REQUIRED ACTION: Repeat everything in the listing below. Keep each line exact.

INPUT FOR THIS TASK START

lemma card_T1_le:
  assumes "d \<ge> 2" "n \<ge> 4 * d + 4"
    and Fs: "\<forall>i<m. F i \<subseteq> {1..n} \<and> card (F i) = d + 1"
    and adm: "\<forall>i<m. max_admissible F m i (B i)"
    and J: "J \<subseteq> {1..n}" "real (card J) \<le> real n / 4"
    and E: "real (card (edges_G F m J)) \<ge> real ((n - card J) choose d) - K * real n"
  shows "real (card (T1 F B m n d J)) \<le> 6 * real d * K"
proof -
  let ?b = "real (card (B ` T1_index F B m n d J))"
  have "real (card (non_edges_G F m n d J)) \<le> K * real n"
    using card_non_edges_G[OF Fs J(1)] E
    by (metis add_diff_cancel_right' of_nat_add diff_le_eq add.commute)
  have "card ({1..n} - J) = n - card J"
    using J(1) by (simp add: card_Diff_subset finite_subset)
  then have "real n / 2 \<le> real (card ({1..n} - J) - (d + 1))"
    using J(2) assms(2) by (simp add: of_nat_diff)
  then have "?b * (real n / 2) \<le> ?b * real (card ({1..n} - J) - (d + 1))"
    by (rule mult_left_mono) simp
  also have "\<dots> \<le> real d * real (card (non_edges_G F m n d J))"
    using card_B_image_le_non_edges_G[OF Fs adm \<open>d \<ge> 2\<close>, of J]
    by (metis of_nat_le_iff of_nat_mult)
  also have "\<dots> \<le> real d * (K * real n)"
    using \<open>real (card (non_edges_G F m n d J)) \<le> K * real n\<close> by (simp add: mult_left_mono)
  finally have "?b \<le> 2 * real d * K"
    using assms(2) by (simp add: field_simps)
  moreover have "real (card (T1 F B m n d J)) \<le> 3 * ?b"
    using card_T1_le_card_B_image[OF Fs adm \<open>d \<ge> 2\<close>, of J]
    by (metis of_nat_le_iff of_nat_mult of_nat_numeral)
  ultimately show ?thesis by linarith
qed

theorem claim3p8:
  fixes d :: nat
  assumes "d \<ge> 2"
  shows "\<exists>C::real. C > 0 \<and> (\<exists>n0::nat. \<forall>n\<ge>n0. \<forall>(F::nat \<Rightarrow> nat set) (B::nat \<Rightarrow> nat set) (m::nat) (J::nat set) (K::real).
     (\<forall>i<m. F i \<subseteq> {1..n} \<and> card (F i) = d + 1) \<longrightarrow>
     inj_on F {..<m} \<longrightarrow>
     vc_dim_le (F ` {..<m}) n d \<longrightarrow>
     (\<forall>i<m. max_admissible F m i (B i)) \<longrightarrow>
     J \<subseteq> {1..n} \<longrightarrow> real (card J) \<le> real n / 4 \<longrightarrow>
     K \<ge> 0 \<longrightarrow>
     real (card (edges_G F m J)) \<ge> real ((n - card J) choose d) - K * real n \<longrightarrow>
     real (card (T1 F B m n d J)) \<le> C * K)"
proof (intro exI conjI allI impI)
  show "6 * real d > 0" using assms by simp
  fix n F B m J K
  assume "n \<ge> 4 * d + 4" "\<forall>i<m. F i \<subseteq> {1..n} \<and> card (F i) = d + 1"
    "\<forall>i<m. max_admissible F m i (B i)" "J \<subseteq> {1..n}" "real (card J) \<le> real n / 4"
    "real (card (edges_G F m J)) \<ge> real ((n - card J) choose d) - K * real n"
  then show "real (card (T1 F B m n d J)) \<le> 6 * real d * K"
    using card_T1_le[OF assms] by blast
qed

end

INPUT FOR THIS TASK END

PROBLEM SOLUTION:
lemma card_T1_le:
  assumes "d \<ge> 2" "n \<ge> 4 * d + 4"
    and Fs: "\<forall>i<m. F i \<subseteq> {1..n} \<and> card (F i) = d + 1"
    and adm: "\<forall>i<m. max_admissible F m i (B i)"
    and J: "J \<subseteq> {1..n}" "real (card J) \<le> real n / 4"
    and E: "real (card (edges_G F m J)) \<ge> real ((n - card J) choose d) - K * real n"
  shows "real (card (T1 F B m n d J)) \<le> 6 * real d * K"
proof -
  let ?b = "real (card (B ` T1_index F B m n d J))"
  have "real (card (non_edges_G F m n d J)) \<le> K * real n"
    using card_non_edges_G[OF Fs J(1)] E
    by (metis add_diff_cancel_right' of_nat_add diff_le_eq add.commute)
  have "card ({1..n} - J) = n - card J"
    using J(1) by (simp add: card_Diff_subset finite_subset)
  then have "real n / 2 \<le> real (card ({1..n} - J) - (d + 1))"
    using J(2) assms(2) by (simp add: of_nat_diff)
  then have "?b * (real n / 2) \<le> ?b * real (card ({1..n} - J) - (d + 1))"
    by (rule mult_left_mono) simp
  also have "\<dots> \<le> real d * real (card (non_edges_G F m n d J))"
    using card_B_image_le_non_edges_G[OF Fs adm \<open>d \<ge> 2\<close>, of J]
    by (metis of_nat_le_iff of_nat_mult)
  also have "\<dots> \<le> real d * (K * real n)"
    using \<open>real (card (non_edges_G F m n d J)) \<le> K * real n\<close> by (simp add: mult_left_mono)
  finally have "?b \<le> 2 * real d * K"
    using assms(2) by (simp add: field_simps)
  moreover have "real (card (T1 F B m n d J)) \<le> 3 * ?b"
    using card_T1_le_card_B_image[OF Fs adm \<open>d \<ge> 2\<close>, of J]
    by (metis of_nat_le_iff of_nat_mult of_nat_numeral)
  ultimately show ?thesis by linarith
qed

theorem claim3p8:
  fixes d :: nat
  assumes "d \<ge> 2"
  shows "\<exists>C::real. C > 0 \<and> (\<exists>n0::nat. \<forall>n\<ge>n0. \<forall>(F::nat \<Rightarrow> nat set) (B::nat \<Rightarrow> nat set) (m::nat) (J::nat set) (K::real).
     (\<forall>i<m. F i \<subseteq> {1..n} \<and> card (F i) = d + 1) \<longrightarrow>
     inj_on F {..<m} \<longrightarrow>
     vc_dim_le (F ` {..<m}) n d \<longrightarrow>
     (\<forall>i<m. max_admissible F m i (B i)) \<longrightarrow>
     J \<subseteq> {1..n} \<longrightarrow> real (card J) \<le> real n / 4 \<longrightarrow>
     K \<ge> 0 \<longrightarrow>
     real (card (edges_G F m J)) \<ge> real ((n - card J) choose d) - K * real n \<longrightarrow>
     real (card (T1 F B m n d J)) \<le> C * K)"
proof (intro exI conjI allI impI)
  show "6 * real d > 0" using assms by simp
  fix n F B m J K
  assume "n \<ge> 4 * d + 4" "\<forall>i<m. F i \<subseteq> {1..n} \<and> card (F i) = d + 1"
    "\<forall>i<m. max_admissible F m i (B i)" "J \<subseteq> {1..n}" "real (card J) \<le> real n / 4"
    "real (card (edges_G F m J)) \<ge> real ((n - card J) choose d) - K * real n"
  then show "real (card (T1 F B m n d J)) \<le> 6 * real d * K"
    using card_T1_le[OF assms] by blast
qed

end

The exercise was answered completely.